Meta underscores its control over the entire hardware and software stack, asserting greater efficiency compared to commercially available GPUs. This holistic approach underscores Meta’s commitment to optimizing performance across its AI infrastructure.
The unveiling of Meta’s latest hardware marks an unconventional move, coming on the heels of a press briefing on the company’s ongoing generative AI initiatives. Notably, Meta discloses that while the next-gen MTIA is not currently utilized for generative AI training workloads, several programs are underway exploring this potential. Moreover, Meta acknowledges that the next-gen MTIA is intended to complement rather than replace GPUs for model training and execution.
Below this sits the runtime stack responsible for interfacing with the driver/firmware. The MTIA Streaming interface abstraction provides the basic and essential operations that both inference and (in the future) training software require to manage the device memory, as well as run operators and execute compiled graphs on the device.

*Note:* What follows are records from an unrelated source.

text \<open>Second-moment method: with \<open>C\<close> the number of events that occur,
  \<open>l C - l\<^sup>2 C\<^sup>2 / 4\<close> is at most the indicator of the union for every \<open>l\<close>;
  taking expectations and \<open>l = 2 / (1 + s)\<close> gives the bound.\<close>
lemma (in prob_space) prob_union_ge_of_neg_correlated:
  assumes "finite J" and A: "\<And>j. j \<in> J \<Longrightarrow> A j \<in> events"
    and neg: "\<And>i j. i \<in> J \<Longrightarrow> j \<in> J \<Longrightarrow> i \<noteq> j \<Longrightarrow> prob (A i \<inter> A j) \<le> prob (A i) * prob (A j)"
  defines "s \<equiv> \<Sum>j\<in>J. prob (A j)"
  shows "s / (1 + s) \<le> prob (\<Union>j\<in>J. A j)"
proof -
  define C where "C x = (\<Sum>j\<in>J. indicator (A j) x :: real)" for x
  define l where "l = 2 / (1 + s)"
  have "0 \<le> s"
    unfolding s_def by (simp add: sum_nonneg)
  have U: "(\<Union>j\<in>J. A j) \<in> events"
    using \<open>finite J\<close> A by auto
  have int: "integrable M C" "integrable M (\<lambda>x. (C x)\<^sup>2)"
    unfolding C_def power2_eq_square sum_product using A
    by (auto simp: indicator_inter_arith[symmetric] integrable_indicator_real)
  have "(\<integral>x. C x \<partial>M) = s"
    unfolding C_def s_def using A by (simp add: integral_sum integrable_indicator_real)
  have pointwise: "l * C x - l\<^sup>2 / 4 * (C x)\<^sup>2 \<le> indicator (\<Union>j\<in>J. A j) x" for x
  proof (cases "x \<in> (\<Union>j\<in>J. A j)")
    case True
    have "0 \<le> (l * C x - 2)\<^sup>2"
      by simp
    then have "l * C x - l\<^sup>2 / 4 * (C x)\<^sup>2 \<le> 1"
      unfolding power2_eq_square by (simp add: algebra_simps)
    then show ?thesis
      using True by simp
  next
    case False
    then have "C x = 0"
      unfolding C_def by (auto intro!: sum.neutral)
    then show ?thesis
      using False by simp
  qed
  have "s / (1 + s) = l * s - l\<^sup>2 / 4 * (s + s\<^sup>2)"
    using \<open>0 \<le> s\<close> unfolding l_def by (simp add: field_simps power2_eq_square add_nonneg_eq_0_iff)
  also have "\<dots> \<le> l * s - l\<^sup>2 / 4 * (\<integral>x. (C x)\<^sup>2 \<partial>M)"
    using second_moment_indicator_sum_le[OF assms(1-3)] unfolding C_def s_def
    by (simp add: mult_left_mono)
  also have "\<dots> = (\<integral>x. l * C x - l\<^sup>2 / 4 * (C x)\<^sup>2 \<partial>M)"
    using int \<open>(\<integral>x. C x \<partial>M) = s\<close> by simp
  also have "\<dots> \<le> (\<integral>x. indicator (\<Union>j\<in>J. A j) x \<partial>M)"
    using int U by (intro Bochner_Integration.integral_mono pointwise integrable_indicator_real) simp_all
  also have "\<dots> = prob (\<Union>j\<in>J. A j)"
    using U by simp
  finally show ?thesis .
qed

Finally, the runtime interacts with the driver, which sits in user space – a decision we made to enable us to iterate faster on the driver and firmware within our production stack.
Amidst Meta’s measured progress, pressure mounts on its AI teams to streamline costs. With projected expenditures of $18 billion by 2024 on GPUs for training and running generative AI models, Meta sees in-house hardware development as a cost-effective alternative.

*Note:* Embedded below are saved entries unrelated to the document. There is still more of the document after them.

lemma circ_weighted_sum:
  assumes "0 < p" "X \<subseteq> {..<p}" "Y \<subseteq> {..<p}"
  shows "(\<Sum>x<p. f x * circ p X Y x) = (\<Sum>y\<in>X. \<Sum>z\<in>Y. f (fp_sub p z y))"
proof -
  have "finite X"
    using assms(2) finite_subset by blast
  have circ_sum: "circ p X Y x = (\<Sum>y\<in>X. if fp_add p y x \<in> Y then 1 else 0)" for x
  proof -
    have "{y \<in> {..<p}. y \<in> X \<and> fp_add p y x \<in> Y} = {y \<in> X. fp_add p y x \<in> Y}"
      using assms(2) by auto
    then show ?thesis
      unfolding circ_def using sum.inter_filter[OF \<open>finite X\<close>, of "\<lambda>_. 1::real"] by simp
  qed
  have translate: "(\<Sum>x<p. if fp_add p y x \<in> Y then f x else 0) = (\<Sum>z\<in>Y. f (fp_sub p z y))"
    if "y \<in> X" for y
  proof -
    have "y < p"
      using that assms(2) by auto
    have "(\<Sum>x<p. if fp_add p y x \<in> Y then f x else 0) = (\<Sum>x\<in>{x\<in>{..<p}. fp_add p y x \<in> Y}. f x)"
      using sum.inter_filter[of "{..<p}" f "\<lambda>x. fp_add p y x \<in> Y"] by simp
    also have "\<dots> = (\<Sum>z\<in>Y. f (fp_sub p z y))"
      using \<open>y < p\<close> assms
      by (intro sum.reindex_bij_witness[where j = "fp_add p y" and i = "\<lambda>z. fp_sub p z y"])
         (auto simp: fp_sub_add_cancel fp_add_sub_cancel fp_sub_less)
    finally show ?thesis .
  qed
  have "(\<Sum>x<p. f x * circ p X Y x) = (\<Sum>x<p. \<Sum>y\<in>X. if fp_add p y x \<in> Y then f x else 0)"
    unfolding circ_sum by (simp add: sum_distrib_left if_distrib cong: if_cong)
  also have "\<dots> = (\<Sum>y\<in>X. \<Sum>x<p. if fp_add p y x \<in> Y then f x else 0)"
    by (rule sum.swap)
  also have "\<dots> = (\<Sum>y\<in>X. \<Sum>z\<in>Y. f (fp_sub p z y))"
    using translate by simp
  finally show ?thesis .
qed

lemma sum_sum_le_sum_sum_remove:
  fixes F :: "'a \<Rightarrow> 'a \<Rightarrow> real"
  assumes "finite A" "\<And>x y. 0 \<le> F x y"
  shows "(\<Sum>a\<in>A. \<Sum>a'\<in>A. F a a')
    \<le> (\<Sum>a\<in>A-{b}. \<Sum>a'\<in>A-{b}. F a a') + (\<Sum>a'\<in>A. F b a') + (\<Sum>a\<in>A. F a b)"
proof (cases "b \<in> A")
  case False
  then show ?thesis
    using assms(2) by (simp add: sum_nonneg)
next
  case True
  have "(\<Sum>a\<in>A. \<Sum>a'\<in>A. F a a') = (\<Sum>a'\<in>A. F b a') + (\<Sum>a\<in>A-{b}. \<Sum>a'\<in>A. F a a')"
    using sum.remove[OF assms(1) True] by blast
  also have "(\<Sum>a\<in>A-{b}. \<Sum>a'\<in>A. F a a') = (\<Sum>a\<in>A-{b}. F a b + (\<Sum>a'\<in>A-{b}. F a a'))"
    using sum.remove[OF assms(1) True] by (intro sum.cong) auto
  also have "\<dots> = (\<Sum>a\<in>A-{b}. F a b) + (\<Sum>a\<in>A-{b}. \<Sum>a'\<in>A-{b}. F a a')"
    by (rule sum.distrib)
  also have "(\<Sum>a\<in>A-{b}. F a b) \<le> (\<Sum>a\<in>A. F a b)"
    using assms by (intro sum_mono2) auto
  finally show ?thesis
    by linarith
qed

definition diff_sum_avoiding :: "nat \<Rightarrow> nat set \<Rightarrow> nat set \<Rightarrow> (nat \<Rightarrow> real) \<Rightarrow> real" where
  "diff_sum_avoiding p A B g = (\<Sum>b\<in>B. \<Sum>a\<in>A-{b}. \<Sum>a'\<in>A-{b}. g (fp_sub p a' a))"

lemma card_mult_sum_diff_le_avoiding:
  fixes g :: "nat \<Rightarrow> real"
  assumes "0 < p" "A \<subseteq> {..<p}" "B \<subseteq> {..<p}"
    and nonneg: "\<forall>x<p. 0 \<le> g x" and even: "\<forall>x<p. g (fp_neg p x) = g x"
  shows "real (card B) * (\<Sum>a\<in>A. \<Sum>a'\<in>A. g (fp_sub p a' a))
    \<le> diff_sum_avoiding p A B g + 2 * (\<Sum>b\<in>B. \<Sum>a\<in>A. g (fp_sub p b a))"
proof -
  have "finite A"
    using assms(2) finite_subset by blast
  have row: "(\<Sum>a\<in>A. \<Sum>a'\<in>A. g (fp_sub p a' a))
      \<le> (\<Sum>a\<in>A-{b}. \<Sum>a'\<in>A-{b}. g (fp_sub p a' a)) + 2 * (\<Sum>a\<in>A. g (fp_sub p b a))"
    if "b \<in> B" for b
  proof -
    have "g (fp_sub p a b) = g (fp_sub p b a)" if "a \<in> A" for a
      using even fp_neg_sub[of a p b] fp_sub_less[OF assms(1)] that \<open>b \<in> B\<close> assms(2,3)
      by (metis lessThan_iff subsetD)
    then show ?thesis
      using sum_sum_le_sum_sum_remove[OF \<open>finite A\<close>, of "\<lambda>a a'. g (fp_sub p a' a)" b]
        nonneg fp_sub_less[OF assms(1)] by simp
  qed
  have "real (card B) * (\<Sum>a\<in>A. \<Sum>a'\<in>A. g (fp_sub p a' a))
      \<le> (\<Sum>b\<in>B. (\<Sum>a\<in>A-{b}. \<Sum>a'\<in>A-{b}. g (fp_sub p a' a)) + 2 * (\<Sum>a\<in>A. g (fp_sub p b a)))"
    using sum_mono[OF row] by simp
  then show ?thesis
    by (simp add: diff_sum_avoiding_def sum.distrib sum_distrib_left)
qed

Meta’s Ongoing Investment in Custom Silicon
However, as Meta strives to gain ground, rivals surge ahead, posing challenges for Meta’s leadership. Google’s recent release of its fifth-generation custom chip for AI model training, TPU v5p, alongside its dedicated chip for model execution, Axion, underscores the competitive landscape. Similarly, Amazon and Microsoft have made significant strides in custom AI chip development, intensifying the race for AI supremacy.
The team is currently designing custom silicon to work in cooperation with their existing infrastructure as well as with new, more advanced hardware (including next-generation GPUs) that may be leveraged in the future.
They are currently running several programs underway aimed at expanding the scope of MTIA, including support for GenAI workloads.